If you're looking to buy an automatic knife that actually respects what a long OTF is supposed to be, this Carbon Strike Long-Reach OTF Automatic - Gray Weave earns a spot in the rotation. It's a double-action out-the-front with a 4.35" dagger blade, 10.5" overall, built around clean deployment and a surprisingly controlled feel for a knife this long.

This isn't a novelty "switchblade." It's a modern OTF automatic knife engineered so the action, grip, and carbon fiber frame all work together when it's at full extension.

Automatic Knives for Sale With Real Double-Action OTF Mechanics

Mechanically, this is a true double-action OTF: the same side-mounted thumb slide both fires and retracts the blade. No secondary charging, no manual reset. When you run the actuator, you feel a defined track, spring tension ramping, then a decisive lock-up—exactly what you want in a working OTF automatic.

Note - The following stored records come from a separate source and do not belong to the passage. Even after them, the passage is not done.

(* Let $0<\mu<\min\{4,N\}$, $\Omega$ satisfy $(A_\rho)$, $f\in\hat F$ with $\|f\|_{H^{-1}}<e_{00}$, and let $u_1$ be the positive bounded solution of $(P_f)$ with $u_1\in\mathcal N_f^+$, $\mathcal J_f(u_1)=\Upsilon_f$. Then there is a constant $\hat C>0$ such that for every $\Theta<1$ and every bounded set of $t\ge0$, $$b(u_1+tg_\rho^{\varepsilon,\sigma})\ge b(u_1)+b(tg_\rho^{\varepsilon,\sigma})+\hat C t^{2\cdot2^*_\mu-1}\int_\Omega\int_\Omega\frac{(g_\rho^{\varepsilon,\sigma}(x))^{2^*_\mu}(g_\rho^{\varepsilon,\sigma}(y))^{2^*_\mu-1}u_1(y)}{|x-y|^\mu}dxdy+2\cdot2^*_\mu\,t\int_\Omega\int_\Omega\frac{(u_1(x))^{2^*_\mu}(u_1(y))^{2^*_\mu-1}g_\rho^{\varepsilon,\sigma}(y)}{|x-y|^\mu}dxdy-O\big(\varepsilon^{\frac{2N-\mu}{4}\Theta}\big)$$ as $\varepsilon\to0^+$.
   Context: $N\ge3$, $2^*_\mu=\frac{2N-\mu}{N-2}$, $u^+=\max(u,0)$. $(A_\rho)$, $\rho\in(0,\frac12)$: $\Omega$ smooth bounded with $\{\rho<|x|<1/\rho\}\subset\Omega$ and $\{|x|<\rho\}\not\subseteq\overline\Omega$. $a(u)=\int_\Omega|\nabla u|^2$, $b(u)=\int_\Omega\int_\Omega\frac{(u^+(x))^{2^*_\mu}(u^+(y))^{2^*_\mu}}{|x-y|^\mu}dxdy$, $\hat F=\{f\in L^\infty(\Omega):f\ge0,f\not\equiv0\}$, $\mathcal J_f(u)=\frac12a(u)-\frac1{2\cdot2^*_\mu}b(u)-\int_\Omega fu$, $(P_f)$ its Euler–Lagrange equation with Dirichlet condition, $\mathcal N_f=\{u\ne0:u^+\not\equiv0,\langle\mathcal J_f'(u),u\rangle=0\}$, $\mathcal N_f^+=\{u\in\mathcal N_f:\frac{d^2}{dt^2}\mathcal J_f(tu)|_{t=1}>0\}$, $\Upsilon_f=\inf_{\mathcal N_f}\mathcal J_f$. $S_{H,L}$ the Hardy–Littlewood–Sobolev best constant; $e_{00}=C_{N,\mu}S_{H,L}^{\frac{2^*_\mu}{2\cdot2^*_\mu-2}}$, $C_{N,\mu}=(\frac1{2\cdot2^*_\mu-1})^{\frac{2\cdot2^*_\mu-1}{2\cdot2^*_\mu-2}}(2\cdot2^*_\mu-2)$. $g_\rho^{\varepsilon,\sigma}=\upsilon_\rho u_\varepsilon^\sigma$ where $\upsilon_\rho\in C_c^\infty$ radial, $0\le\upsilon_\rho\le1$, $=0$ for $|x|<\frac{3\rho}2$ and $|x|\ge\frac3{4\rho}$, $=1$ for $2\rho\le|x|\le\frac1{2\rho}$, and $u_\varepsilon^\sigma(x)=c_{N,\mu}\frac{(N(N-2)\varepsilon^2)^{(N-2)/4}}{(\varepsilon^2+|x-(1-\varepsilon)\sigma|^2)^{(N-2)/2}}$, $\sigma\in\mathbb S^{N-1}$, $0<\varepsilon\le1$, normalized minimizers of $S_{H,L}$. *)

theory Defs
  imports "HOL-Analysis.Analysis"
begin

text \<open>Points of R^N are elements of a Euclidean space 'a, N = DIM('a).\<close>

coinductive smooth_on :: "'a::euclidean_space set \<Rightarrow> ('a \<Rightarrow> real) \<Rightarrow> bool" where
  "f differentiable_on S \<Longrightarrow> (\<And>v. smooth_on S (\<lambda>x. frechet_derivative f (at x) v))
     \<Longrightarrow> smooth_on S f"

definition grad :: "('a::euclidean_space \<Rightarrow> real) \<Rightarrow> 'a \<Rightarrow> 'a" where
  "grad \<phi> x = (\<Sum>i\<in>Basis. frechet_derivative \<phi> (at x) i *\<^sub>R i)"

definition test_fun :: "'a::euclidean_space set \<Rightarrow> ('a \<Rightarrow> real) \<Rightarrow> bool" where
  "test_fun \<Omega> \<phi> \<longleftrightarrow> smooth_on UNIV \<phi> \<and> compact (closure {x. \<phi> x \<noteq> 0})
      \<and> closure {x. \<phi> x \<noteq> 0} \<subseteq> \<Omega>"

definition smooth_bounded_domain :: "'a::euclidean_space set \<Rightarrow> bool" where
  "smooth_bounded_domain \<Omega> \<longleftrightarrow> open \<Omega> \<and> bounded \<Omega> \<and> \<Omega> \<noteq> {} \<and>
     (\<forall>p\<in>frontier \<Omega>. \<exists>U \<phi>. open U \<and> p \<in> U \<and> smooth_on U \<phi> \<and>
        (\<forall>x\<in>U. frechet_derivative \<phi> (at x) \<noteq> (\<lambda>_. 0)) \<and>
        \<Omega> \<inter> U = {x\<in>U. \<phi> x < 0})"

definition cond_A :: "real \<Rightarrow> 'a::euclidean_space set \<Rightarrow> bool" where
  "cond_A \<rho> \<Omega> \<longleftrightarrow> 0 < \<rho> \<and> \<rho> < 1/2 \<and> smooth_bounded_domain \<Omega> \<and>
     {x. \<rho> < norm x \<and> norm x < 1/\<rho>} \<subseteq> \<Omega> \<and> \<not> ({x. norm x < \<rho>} \<subseteq> closure \<Omega>)"

definition L2 :: "('a::euclidean_space \<Rightarrow> real) \<Rightarrow> bool" where
  "L2 u \<longleftrightarrow> u \<in> borel_measurable lborel \<and> integrable lborel (\<lambda>x. (u x)\<^sup>2)"

definition L2v :: "('a::euclidean_space \<Rightarrow> 'a) \<Rightarrow> bool" where
  "L2v G \<longleftrightarrow> G \<in> borel_measurable lborel \<and> integrable lborel (\<lambda>x. (norm (G x))\<^sup>2)"

text \<open>u (extended by zero) lies in H_0^1(Omega) with weak gradient G: it is the H^1-limit
  of test functions supported in Omega.\<close>
definition H01_grad :: "'a::euclidean_space set \<Rightarrow> ('a \<Rightarrow> real) \<Rightarrow> ('a \<Rightarrow> 'a) \<Rightarrow> bool" where
  "H01_grad \<Omega> u G \<longleftrightarrow> L2 u \<and> L2v G \<and>
     (\<exists>\<phi>::nat \<Rightarrow> 'a \<Rightarrow> real. (\<forall>n. test_fun \<Omega> (\<phi> n)) \<and>
        (\<lambda>n. LINT x|lborel. (\<phi> n x - u x)\<^sup>2) \<longlonglongrightarrow> 0 \<and>
        (\<lambda>n. LINT x|lborel. (norm (grad (\<phi> n) x - G x))\<^sup>2) \<longlonglongrightarrow> 0)"

definition H01 :: "'a::euclidean_space set \<Rightarrow> ('a \<Rightarrow> real) \<Rightarrow> bool" where
  "H01 \<Omega> u \<longleftrightarrow> (\<exists>G. H01_grad \<Omega> u G)"

definition wgrad :: "'a::euclidean_space set \<Rightarrow> ('a \<Rightarrow> real) \<Rightarrow> 'a \<Rightarrow> 'a" where
  "wgrad \<Omega> u = (SOME G. H01_grad \<Omega> u G)"

definition crit :: "'a::euclidean_space itself \<Rightarrow> real \<Rightarrow> real" where
  "crit _ \<mu> = (2 * real DIM('a) - \<mu>) / (real DIM('a) - 2)"

definition a_fun :: "'a::euclidean_space set \<Rightarrow> ('a \<Rightarrow> real) \<Rightarrow> real" where
  "a_fun \<Omega> u = (LINT x:\<Omega>|lborel. (norm (wgrad \<Omega> u x))\<^sup>2)"

definition dbl :: "'a::euclidean_space set \<Rightarrow> ('a \<Rightarrow> 'a \<Rightarrow> real) \<Rightarrow> real" where
  "dbl \<Omega> F = set_lebesgue_integral (lborel \<Otimes>\<^sub>M lborel) (\<Omega> \<times> \<Omega>) (\<lambda>(x, y). F x y)"

definition b_fun :: "'a::euclidean_space set \<Rightarrow> real \<Rightarrow> ('a \<Rightarrow> real) \<Rightarrow> real" where
  "b_fun \<Omega> \<mu> u = dbl \<Omega> (\<lambda>x y. (max (u x) 0) powr crit TYPE('a) \<mu> * (max (u y) 0) powr crit TYPE('a) \<mu>
                                  / (norm (x - y)) powr \<mu>)"

definition J_fun :: "'a::euclidean_space set \<Rightarrow> real \<Rightarrow> ('a \<Rightarrow> real) \<Rightarrow> ('a \<Rightarrow> real) \<Rightarrow> real" where
  "J_fun \<Omega> \<mu> f u = a_fun \<Omega> u / 2 - b_fun \<Omega> \<mu> u / (2 * crit TYPE('a) \<mu>)
                    - (LINT x:\<Omega>|lborel. f x * u x)"

definition hatF :: "'a::euclidean_space set \<Rightarrow> ('a \<Rightarrow> real) set" where
  "hatF \<Omega> = {f. f \<in> borel_measurable lborel \<and>
                  (\<exists>M. AE x in lborel. x \<in> \<Omega> \<longrightarrow> \<bar>f x\<bar> \<le> M) \<and>
                  (AE x in lborel. x \<in> \<Omega> \<longrightarrow> 0 \<le> f x) \<and>
                  \<not> (AE x in lborel. x \<in> \<Omega> \<longrightarrow> f x = 0)}"

definition Hm1_norm :: "'a::euclidean_space set \<Rightarrow> ('a \<Rightarrow> real) \<Rightarrow> real" where
  "Hm1_norm \<Omega> f = Sup {\<bar>LINT x:\<Omega>|lborel. f x * u x\<bar> | u. H01 \<Omega> u \<and> a_fun \<Omega> u \<le> 1}"

text \<open>weak solution of (P_f): -Delta u = (int (u^+(y))^p/|x-y|^mu dy) (u^+)^(p-1) + f in Omega, u = 0 on the boundary\<close>
definition weak_solution :: "'a::euclidean_space set \<Rightarrow> real \<Rightarrow> ('a \<Rightarrow> real) \<Rightarrow> ('a \<Rightarrow> real) \<Rightarrow> bool" where
  "weak_solution \<Omega> \<mu> f u \<longleftrightarrow> H01 \<Omega> u \<and>
     (\<forall>\<phi>. test_fun \<Omega> \<phi> \<longrightarrow>
        (LINT x:\<Omega>|lborel. wgrad \<Omega> u x \<bullet> grad \<phi> x)
        - dbl \<Omega> (\<lambda>x y. (max (u x) 0) powr crit TYPE('a) \<mu> * (max (u y) 0) powr (crit TYPE('a) \<mu> - 1)
                         * \<phi> y / (norm (x - y)) powr \<mu>)
        - (LINT x:\<Omega>|lborel. f x * \<phi> x) = 0)"

text \<open>Nehari set: <J_f'(u),u> = d/ds J_f(su) at s = 1\<close>
definition Nehari :: "'a::euclidean_space set \<Rightarrow> real \<Rightarrow> ('a \<Rightarrow> real) \<Rightarrow> ('a \<Rightarrow> real) set" where
  "Nehari \<Omega> \<mu> f = {u. H01 \<Omega> u \<and> \<not> (AE x in lborel. u x = 0) \<and>
                       \<not> (AE x in lborel. max (u x) 0 = 0) \<and>
                       ((\<lambda>s. J_fun \<Omega> \<mu> f (\<lambda>x. s * u x)) has_real_derivative 0) (at 1)}"

definition Nehari_plus :: "'a::euclidean_space set \<Rightarrow> real \<Rightarrow> ('a \<Rightarrow> real) \<Rightarrow> ('a \<Rightarrow> real) set" where
  "Nehari_plus \<Omega> \<mu> f = {u \<in> Nehari \<Omega> \<mu> f. \<exists>D d.
       (\<forall>\<^sub>F s in nhds 1. ((\<lambda>s. J_fun \<Omega> \<mu> f (\<lambda>x. s * u x)) has_real_derivative D s) (at s)) \<and>
       (D has_real_derivative d) (at 1) \<and> d > 0}"

definition Upsilon :: "'a::euclidean_space set \<Rightarrow> real \<Rightarrow> ('a \<Rightarrow> real) \<Rightarrow> ereal" where
  "Upsilon \<Omega> \<mu> f = (INF v\<in>Nehari \<Omega> \<mu> f. ereal (J_fun \<Omega> \<mu> f v))"

definition a_RN :: "('a::euclidean_space \<Rightarrow> real) \<Rightarrow> real" where
  "a_RN \<phi> = (LINT x|lborel. (norm (grad \<phi> x))\<^sup>2)"

definition b_RN :: "real \<Rightarrow> ('a::euclidean_space \<Rightarrow> real) \<Rightarrow> real" where
  "b_RN \<mu> \<phi> = integral\<^sup>L (lborel \<Otimes>\<^sub>M lborel)
      (\<lambda>(x, y). \<bar>\<phi> x\<bar> powr crit TYPE('a) \<mu> * \<bar>\<phi> y\<bar> powr crit TYPE('a) \<mu> / (norm (x - y)) powr \<mu>)"

text \<open>best constant S_{H,L} (infimum over C_c^infinity(R^N), dense in D^{1,2})\<close>
definition S_HL :: "'a::euclidean_space itself \<Rightarrow> real \<Rightarrow> real" where
  "S_HL _ \<mu> = Inf {a_RN \<phi> / (b_RN \<mu> \<phi>) powr (1 / crit TYPE('a) \<mu>) | \<phi>::'a \<Rightarrow> real.
                    test_fun UNIV \<phi> \<and> (\<exists>x. \<phi> x \<noteq> 0)}"

definition C_Nmu :: "'a::euclidean_space itself \<Rightarrow> real \<Rightarrow> real" where
  "C_Nmu _ \<mu> = (let p = crit TYPE('a) \<mu> in
      (1 / (2 * p - 1)) powr ((2 * p - 1) / (2 * p - 2)) * (2 * p - 2))"

definition e00 :: "'a::euclidean_space itself \<Rightarrow> real \<Rightarrow> real" where
  "e00 _ \<mu> = (let p = crit TYPE('a) \<mu> in
      C_Nmu TYPE('a) \<mu> * S_HL TYPE('a) \<mu> powr (p / (2 * p - 2)))"

definition bubble1 :: "'a::euclidean_space \<Rightarrow> real" where
  "bubble1 x = (let N = real DIM('a) in
      (N * (N - 2)) powr ((N - 2) / 4) / (1 + (norm x)\<^sup>2) powr ((N - 2) / 2))"

text \<open>normalisation constant c_{N,mu}: c * bubble1 satisfies a = b on R^N, i.e. solves
  -Delta u = (|x|^(-mu) * |u|^p) |u|^(p-2) u (normalized minimizer of S_{H,L})\<close>
definition c_Nmu :: "'a::euclidean_space itself \<Rightarrow> real \<Rightarrow> real" where
  "c_Nmu _ \<mu> = (a_RN (bubble1 :: 'a \<Rightarrow> real) / b_RN \<mu> (bubble1 :: 'a \<Rightarrow> real))
                  powr (1 / (2 * crit TYPE('a) \<mu> - 2))"

definition u_eps :: "real \<Rightarrow> real \<Rightarrow> 'a \<Rightarrow> 'a::euclidean_space \<Rightarrow> real" where
  "u_eps \<mu> \<epsilon> \<sigma> x = (let N = real DIM('a) in
      c_Nmu TYPE('a) \<mu> * (N * (N - 2) * \<epsilon>\<^sup>2) powr ((N - 2) / 4)
        / (\<epsilon>\<^sup>2 + (norm (x - (1 - \<epsilon>) *\<^sub>R \<sigma>))\<^sup>2) powr ((N - 2) / 2))"

definition cutoff :: "real \<Rightarrow> ('a::euclidean_space \<Rightarrow> real) \<Rightarrow> bool" where
  "cutoff \<rho> \<upsilon> \<longleftrightarrow> test_fun UNIV \<upsilon> \<and> (\<forall>x y. norm x = norm y \<longrightarrow> \<upsilon> x = \<upsilon> y) \<and>
     (\<forall>x. 0 \<le> \<upsilon> x \<and> \<upsilon> x \<le> 1) \<and>
     (\<forall>x. norm x < 3 * \<rho> / 2 \<or> norm x \<ge> 3 / (4 * \<rho>) \<longrightarrow> \<upsilon> x = 0) \<and>
     (\<forall>x. 2 * \<rho> \<le> norm x \<and> norm x \<le> 1 / (2 * \<rho>) \<longrightarrow> \<upsilon> x = 1)"

definition g_fun :: "('a::euclidean_space \<Rightarrow> real) \<Rightarrow> real \<Rightarrow> real \<Rightarrow> 'a \<Rightarrow> 'a \<Rightarrow> real" where
  "g_fun \<upsilon> \<mu> \<epsilon> \<sigma> x = \<upsilon> x * u_eps \<mu> \<epsilon> \<sigma> x"

end

theory Submission
  imports Defs
begin

text \<open>Write p = 2*_\<mu>; then p \<ge> 2 because \<mu> < 4. For a, b, c, d \<ge> 0, Bernoulli's inequality
  and the superadditivity of s \<mapsto> s^q (q \<ge> 1) give
    (a + b)^p (c + d)^p \<ge> a^p c^p + b^p d^p + p a^p c^(p-1) d + p c^p a^(p-1) b + p b^p d^(p-1) c.
  Put a = u1(x), c = u1(y), b = t g(x), d = t g(y), divide by |x - y|^\<mu> and integrate over
  \<Omega> \<times> \<Omega>. Every term is integrable, since u1 and g are bounded and the Riesz kernel
  |x - y|^(-\<mu>) is integrable over bounded sets when \<mu> < N; the two mixed terms have the
  same integral by the symmetry x \<leftrightarrow> y. So the estimate holds with C = p and no error term.\<close>

section \<open>Elementary inequalities for real powers\<close>

lemma one_plus_powr_ge:
  fixes s q :: real
  assumes "0 \<le> s" "1 \<le> q"
  shows "1 + q * s \<le> (1 + s) powr q"
proof -
  let ?h = "\<lambda>x::real. (1 + x) powr q - 1 - q * x"
  have "?h 0 \<le> ?h s"
  proof (rule DERIV_nonneg_imp_nondecreasing[of 0 s ?h])
    fix x assume x: "0 \<le> x" "x \<le> s"
    show "\<exists>y. (?h has_real_derivative y) (at x) \<and> 0 \<le> y"
    proof (intro exI conjI)
      show "(?h has_real_derivative (q * (1 + x) powr (q - 1) * 1 - 0 - q * 1)) (at x)"
        using x by (auto intro!: derivative_eq_intros)
      have "1 \<le> (1 + x) powr (q - 1)"
        using x assms by (intro ge_one_powr_ge_zero) auto
      then show "0 \<le> q * (1 + x) powr (q - 1) * 1 - 0 - q * 1"
        using assms by (simp add: algebra_simps)
    qed
  qed (use assms in auto)
  then show ?thesis by simp
qed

The blade rides inside an internal channel, guided by rails and spring tension until it locks at full extension. That longer 4.35" dagger profile can punish a weak mechanism; here, the frame length and slide position are tuned so you get enough leverage to drive a full-size blade without feeling like you’re wrestling the spring.

Action Feel: Slide, Tension, and Lock-Up

Collectors notice the difference between an OTF that just "goes out" and one that feels sorted. On this piece, the thumb slide has a deliberate, almost gated feel: light take-up, then a defined push through the spring, followed by a crisp stop when the blade hits lock. No rattle, no wandering halfway points. The return stroke is just as positive, which matters more than people admit—if retracting the blade feels lazy, you stop trusting the knife.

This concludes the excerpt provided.